Trevanion voted against government on Oczakov, 12 Apr. 1791 and 1 Mar. 1792, and was listed favourable to repeal of the Test Act in Scotland in 1791; but he was named in Windham’s provisional list for the ‘third party’ early in 1793 and transferred his support to government on the outbreak of war. He attended the meeting summoned by Pitt at Dover in 1794 to raise funds for national defence and subscribed £100.4 He was listed ‘pro’ in the ministerial survey drawn up for the general election of 1796, when he was again returned for Dover, as he was in 1802. He voted against abolition of the slave trade, 15 Mar. 1796, and, in an echo of his radical past, for Grey’s parliamentary reform motion, 26 May 1797. No further votes are recorded in his name and he is not known to have spoken in the House. He was listed under ‘Fox’ in March 1804, among the ‘doubtful’ by Pitt’s second ministry in May and under ‘Pitt’ in their lists of September 1804 and July 1805.

The nature of the business which Trevanion conducted from South Sea House, Broad Street, where he was listed as a merchant in the London directories between 1781 and 1795 (having previously traded from addresses in Bishopsgate), is not clear, but in 1806 Charles Jenkinson, who opposed him at Dover on the lord warden’s interest, described him as ‘originally a West Indian’. Jenkinson went on to say that ‘he has dissipated whatever property he possessed and bears in other respects a very broken reputation’.5 He went to the poll against Jenkinson and a candidate backed by the Grenville ministry, but finished a distant third.
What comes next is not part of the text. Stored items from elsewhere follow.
(* Let $\alpha$ be irrational and $n\ge1$. Then $$D^*(\beta_\alpha)\le \max_{s\in[n]}d^*(\mathcal{A}_s(\alpha))+d^*(\mathcal{A}_n(\alpha))\le 2\max_{s\in[n]}d^*(\mathcal{A}_s(\alpha)).$$
   Context: $[n]=\{1,\dots,n\}$ and $\{x\}$ denotes the fractional part of $x$. For irrational $\alpha$, the Sós permutation $\beta_\alpha$ of $[n]$ is defined by $\beta_\alpha(t)=|\{s\in[n]:\{\alpha s\}\le\{\alpha t\}\}|$ (so $\beta_\alpha(s)<\beta_\alpha(t)$ iff $\{\alpha s\}<\{\alpha t\}$). $D^*(\beta_\alpha)=\max_{s,t\in[n]}\bigl|\,|\beta_\alpha([s])\cap[t]|-st/n\,\bigr|$. For $s\ge1$, $\mathcal{A}_s(\alpha)=\{\{\alpha x\}:x\in[s]\}$, and for a finite set $A\subset[0,1]$, $d^*(A)=\sup_{0\le x\le1}\bigl|\,|A\cap[0,x]|-x|A|\,\bigr|$. *)

theory Defs
  imports "HOL-Analysis.Analysis"
begin

definition sos_perm :: "real \<Rightarrow> nat \<Rightarrow> nat \<Rightarrow> nat" where
  "sos_perm \<alpha> n t = card {s \<in> {1..n}. frac (\<alpha> * real s) \<le> frac (\<alpha> * real t)}"

definition perm_discrepancy :: "nat \<Rightarrow> (nat \<Rightarrow> nat) \<Rightarrow> real" where
  "perm_discrepancy n \<beta> =
     Max {\<bar>real (card (\<beta> ` {1..s} \<inter> {1..t})) - real s * real t / real n\<bar> | s t. s \<in> {1..n} \<and> t \<in> {1..n}}"

definition A_set :: "real \<Rightarrow> nat \<Rightarrow> real set" where
  "A_set \<alpha> s = (\<lambda>x. frac (\<alpha> * real x)) ` {1..s}"

definition set_discrepancy :: "real set \<Rightarrow> real" where
  "set_discrepancy A = (SUP x\<in>{0..1}. \<bar>real (card (A \<inter> {0..x})) - x * real (card A)\<bar>)"

end

theory Submission
  imports Defs
begin

text \<open>
  Let \<open>f x = frac (\<alpha> x)\<close>, injective on the naturals since \<open>\<alpha>\<close> is irrational, and let \<open>\<beta>\<close>
  rank \<open>[n]\<close> by \<open>f\<close>. For \<open>t = \<beta> u\<close> and \<open>y = f u\<close>, the set \<open>\<beta>([s]) \<inter> [t]\<close> is the image
  under \<open>\<beta>\<close> of \<open>{x \<in> [s]. f x \<le> y}\<close>, so its size is \<open>|A\<^sub>s \<inter> [0,y]|\<close>, while \<open>t = |A\<^sub>n \<inter> [0,y]|\<close>.
  Hence \<open>|\<beta>([s]) \<inter> [t]| - st/n = (|A\<^sub>s \<inter> [0,y]| - ys) + (s/n)(yn - |A\<^sub>n \<inter> [0,y]|)\<close>,
  and the two brackets are bounded by \<open>d*(A\<^sub>s)\<close> and \<open>d*(A\<^sub>n)\<close>, using \<open>s/n \<le> 1\<close>.
\<close>

lemma inj_frac_mult_of_nat:
  fixes \<alpha> :: real
  assumes "\<alpha> \<notin> \<rat>"
  shows "inj (\<lambda>x::nat. frac (\<alpha> * real x))"
proof (rule injI)
  fix x y :: nat
  assume eq: "frac (\<alpha> * real x) = frac (\<alpha> * real y)"
  show "x = y"
  proof (rule ccontr)
    assume "x \<noteq> y"
    then have nz: "real x - real y \<noteq> 0" by simp
    have "\<alpha> * (real x - real y) = of_int (\<lfloor>\<alpha> * real x\<rfloor> - \<lfloor>\<alpha> * real y\<rfloor>)"
      using eq by (simp add: frac_def algebra_simps)
    then have "\<alpha> = of_int (\<lfloor>\<alpha> * real x\<rfloor> - \<lfloor>\<alpha> * real y\<rfloor>) / (real x - real y)"
      using nz by (simp add: field_simps)
    also have "\<dots> \<in> \<rat>" by (intro Rats_divide Rats_diff Rats_of_int Rats_of_nat)
    finally show False using assms by simp
  qed
qed

definition rank_perm :: "(nat \<Rightarrow> 'a::linorder) \<Rightarrow> nat \<Rightarrow> nat \<Rightarrow> nat" where
  "rank_perm f n t = card {s \<in> {1..n}. f s \<le> f t}"

lemma sos_perm_eq_rank_perm: "sos_perm \<alpha> n = rank_perm (\<lambda>x. frac (\<alpha> * real x)) n"
  by (simp add: fun_eq_iff sos_perm_def rank_perm_def)

lemma rank_perm_le_iff:
  assumes "x \<in> {1..n}" "u \<in> {1..n}"
  shows "rank_perm f n x \<le> rank_perm f n u \<longleftrightarrow> f x \<le> f u"
proof
  assume "rank_perm f n x \<le> rank_perm f n u"
  show "f x \<le> f u"
  proof (rule ccontr)
    assume "\<not> f x \<le> f u"
    then have "{s \<in> {1..n}. f s \<le> f u} \<subset> {s \<in> {1..n}. f s \<le> f x}"
      using assms by auto
    then have "rank_perm f n u < rank_perm f n x"
      unfolding rank_perm_def by (intro psubset_card_mono) auto
    with \<open>rank_perm f n x \<le> rank_perm f n u\<close> show False by simp
  qed
qed (auto simp: rank_perm_def intro: card_mono)

lemma rank_perm_in_range:
  assumes "x \<in> {1..n}"
  shows "rank_perm f n x \<in> {1..n}"
proof -
  have "card {s \<in> {1..n}. f s \<le> f x} \<le> card {1..n}" by (intro card_mono) auto
  moreover have "card {s \<in> {1..n}. f s \<le> f x} > 0"
    using assms by (subst card_gt_0_iff) auto
  ultimately show ?thesis unfolding rank_perm_def by simp
qed

lemma inj_on_rank_perm:
  assumes "inj_on f {1..n}"
  shows "inj_on (rank_perm f n) {1..n}"
proof (rule inj_onI)
  fix x y assume xy: "x \<in> {1..n}" "y \<in> {1..n}" "rank_perm f n x = rank_perm f n y"
  then have "f x = f y" using rank_perm_le_iff by (metis order_antisym order_refl)
  with assms xy show "x = y" by (simp add: inj_on_eq_iff)
qed

lemma rank_perm_image:
  assumes "inj_on f {1..n}"
  shows "rank_perm f n ` {1..n} = {1..n}"
  using endo_inj_surj[OF _ _ inj_on_rank_perm[OF assms]] rank_perm_in_range by blast

lemma card_rank_perm_image_inter:
  assumes "inj_on f {1..n}" "s \<le> n" "u \<in> {1..n}"
  shows "card (rank_perm f n ` {1..s} \<inter> {1..rank_perm f n u}) = card {x \<in> {1..s}. f x \<le> f u}"
proof -
  let ?r = "rank_perm f n"
  have "?r ` {1..s} \<inter> {1..?r u} = ?r ` {x \<in> {1..s}. f x \<le> f u}"
    using assms(2,3) rank_perm_le_iff[OF _ assms(3), of _ f] rank_perm_in_range[of _ n f]
    by (fastforce simp: image_iff)
  moreover have "inj_on ?r {x \<in> {1..s}. f x \<le> f u}"
    using inj_on_rank_perm[OF assms(1)] by (rule inj_on_subset) (use assms(2) in auto)
  ultimately show ?thesis by (simp add: card_image)
qed

lemma abs_count_le_set_discrepancy:
  assumes "finite A" "0 \<le> x" "x \<le> 1"
  shows "\<bar>real (card (A \<inter> {0..x})) - x * real (card A)\<bar> \<le> set_discrepancy A"
  unfolding set_discrepancy_def
proof (rule cSUP_upper)
  show "x \<in> {0..1}" using assms by simp
  show "bdd_above ((\<lambda>x. \<bar>real (card (A \<inter> {0..x})) - x * real (card A)\<bar>) ` {0..1})"
  proof (rule bdd_aboveI2)
    fix z :: real assume z: "z \<in> {0..1}"
    have "card (A \<inter> {0..z}) \<le> card A" using assms(1) by (intro card_mono) auto
    moreover have "0 \<le> z * real (card A)" "z * real (card A) \<le> real (card A)"
      using z by (simp_all add: mult_left_le_one_le)
    ultimately show "\<bar>real (card (A \<inter> {0..z})) - z * real (card A)\<bar> \<le> 2 * real (card A)"
      by linarith
  qed
qed

lemma card_image_inter_atLeastAtMost:
  fixes f :: "'a \<Rightarrow> real"
  assumes "inj_on f S" "\<And>x. x \<in> S \<Longrightarrow> 0 \<le> f x"
  shows "card (f ` S \<inter> {0..y}) = card {x \<in> S. f x \<le> y}"
proof -
  have "f ` S \<inter> {0..y} = f ` {x \<in> S. f x \<le> y}" using assms(2) by auto
  moreover have "inj_on f {x \<in> S. f x \<le> y}" using assms(1) by (rule inj_on_subset) auto
  ultimately show ?thesis by (simp add: card_image)
qed

lemma perm_discrepancy_le:
  assumes "n \<ge> 1"
    and "\<And>s t. s \<in> {1..n} \<Longrightarrow> t \<in> {1..n} \<Longrightarrow>
           \<bar>real (card (\<beta> ` {1..s} \<inter> {1..t})) - real s * real t / real n\<bar> \<le> B"
  shows "perm_discrepancy n \<beta> \<le> B"
  unfolding perm_discrepancy_def
proof (subst Max_le_iff)
  let ?D = "{\<bar>real (card (\<beta> ` {1..s} \<inter> {1..t})) - real s * real t / real n\<bar> |
             s t. s \<in> {1..n} \<and> t \<in> {1..n}}"
  show "finite ?D" by (rule finite_image_set2) auto
  show "?D \<noteq> {}" using assms(1) by auto
  show "\<forall>d \<in> ?D. d \<le> B" using assms(2) by blast
qed

lemma abs_diff_scaled_le:
  fixes c y s t n a b :: real
  assumes "\<bar>c - y * s\<bar> \<le> a" "\<bar>t - y * n\<bar> \<le> b" "0 \<le> s" "s \<le> n" "0 < n"
  shows "\<bar>c - s * t / n\<bar> \<le> a + b"
proof -
  have scaled: "\<bar>(s / n) * (y * n - t)\<bar> \<le> b"
  proof -
    have "\<bar>(s / n) * (y * n - t)\<bar> = (s / n) * \<bar>t - y * n\<bar>"
      using assms(3,5) by (simp add: abs_mult abs_minus_commute)
    also have "\<dots> \<le> \<bar>t - y * n\<bar>"
      using assms(3-5) by (intro mult_left_le_one_le) auto
    finally show ?thesis using assms(2) by simp
  qed
  have "c - s * t / n = (c - y * s) + (s / n) * (y * n - t)"
    using assms(5) by (simp add: field_simps)
  then have "\<bar>c - s * t / n\<bar> \<le> \<bar>c - y * s\<bar> + \<bar>(s / n) * (y * n - t)\<bar>"
    by (metis abs_triangle_ineq)
  with assms(1) scaled show ?thesis by linarith
qed

lemma sos_perm_count_deviation_le:
  assumes "\<alpha> \<notin> \<rat>" "s \<in> {1..n}" "t \<in> {1..n}"
  shows "\<bar>real (card (sos_perm \<alpha> n ` {1..s} \<inter> {1..t})) - real s * real t / real n\<bar>
           \<le> set_discrepancy (A_set \<alpha> s) + set_discrepancy (A_set \<alpha> n)"
proof -
  define f where "f = (\<lambda>x::nat. frac (\<alpha> * real x))"
  have inj: "inj_on f S" for S
    using inj_frac_mult_of_nat[OF assms(1)] unfolding f_def by (rule inj_on_subset) simp
  have A_eq: "A_set \<alpha> m = f ` {1..m}" for m by (simp add: A_set_def f_def)
  have card_A: "card (A_set \<alpha> m) = m" for m by (simp add: A_eq card_image[OF inj])
  have card_A_inter: "card (A_set \<alpha> m \<inter> {0..y}) = card {x \<in> {1..m}. f x \<le> y}" for m y
    unfolding A_eq by (rule card_image_inter_atLeastAtMost[OF inj]) (simp add: f_def)
  obtain u where u: "u \<in> {1..n}" "rank_perm f n u = t"
    using rank_perm_image[OF inj] assms(3) by (metis imageE)
  define y where "y = f u"
  have y: "0 \<le> y" "y \<le> 1" by (simp_all add: y_def f_def frac_lt_1 less_imp_le)
  have "card (sos_perm \<alpha> n ` {1..s} \<inter> {1..t}) = card (A_set \<alpha> s \<inter> {0..y})"
    using card_rank_perm_image_inter[OF inj _ u(1)] assms(2) u(2)
    by (simp add: sos_perm_eq_rank_perm f_def[symmetric] card_A_inter y_def)
  moreover have "card (A_set \<alpha> n \<inter> {0..y}) = t"
    using u(2) by (simp add: card_A_inter rank_perm_def y_def)
  moreover have "\<bar>real (card (A_set \<alpha> m \<inter> {0..y})) - y * real m\<bar> \<le> set_discrepancy (A_set \<alpha> m)"
    for m
    using abs_count_le_set_discrepancy[OF _ y, of "A_set \<alpha> m"] unfolding card_A
    by (simp add: A_eq)
  ultimately show ?thesis
    using assms(2) by (intro abs_diff_scaled_le[where y = y]) (auto simp: mult.commute)
qed

theorem mainTheorem11:
  fixes \<alpha> :: real and n :: nat
  assumes "\<alpha> \<notin> \<rat>" and "n \<ge> 1"
  shows "perm_discrepancy n (sos_perm \<alpha> n)
           \<le> (MAX s\<in>{1..n}. set_discrepancy (A_set \<alpha> s)) + set_discrepancy (A_set \<alpha> n)
       \<and> (MAX s\<in>{1..n}. set_discrepancy (A_set \<alpha> s)) + set_discrepancy (A_set \<alpha> n)
           \<le> 2 * (MAX s\<in>{1..n}. set_discrepancy (A_set \<alpha> s))"
proof -
  define M where "M = (MAX s\<in>{1..n}. set_discrepancy (A_set \<alpha> s))"
  have le_M: "set_discrepancy (A_set \<alpha> s) \<le> M" if "s \<in> {1..n}" for s
    unfolding M_def using that by (intro Max_ge) auto
  have "perm_discrepancy n (sos_perm \<alpha> n) \<le> M + set_discrepancy (A_set \<alpha> n)"
  proof (rule perm_discrepancy_le[OF assms(2)])
    fix s t assume "s \<in> {1..n}" "t \<in> {1..n}"
    with assms(1) le_M show "\<bar>real (card (sos_perm \<alpha> n ` {1..s} \<inter> {1..t})) - real s * real t / real n\<bar>
        \<le> M + set_discrepancy (A_set \<alpha> n)"
      by (meson add_right_mono order_trans sos_perm_count_deviation_le)
  qed
  moreover have "set_discrepancy (A_set \<alpha> n) \<le> M" using le_M assms(2) by simp
  ultimately show ?thesis unfolding M_def by simp
qed

end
He died 21 Apr. 1810.6

Ref Volumes: 1790-1820

Author: Lawrence Taylor

Notes

  • 1. Devon and Cornw. N. and Q. xxiii. 265.
  • 2. Gent. Mag. (1773), 303; (1793), ii. 963; Alumni Cantab. PCC 176 Hay.
  • 3. PCC 176 Hay.
  • 4. J. B. Jones, Dover (1907), 157.
  • 5. Add. 38458, f. 180.
  • 6. Gent. Mag. (1810), i. 497; Devon and Cornw. N. and Q. xxiv. 132-3.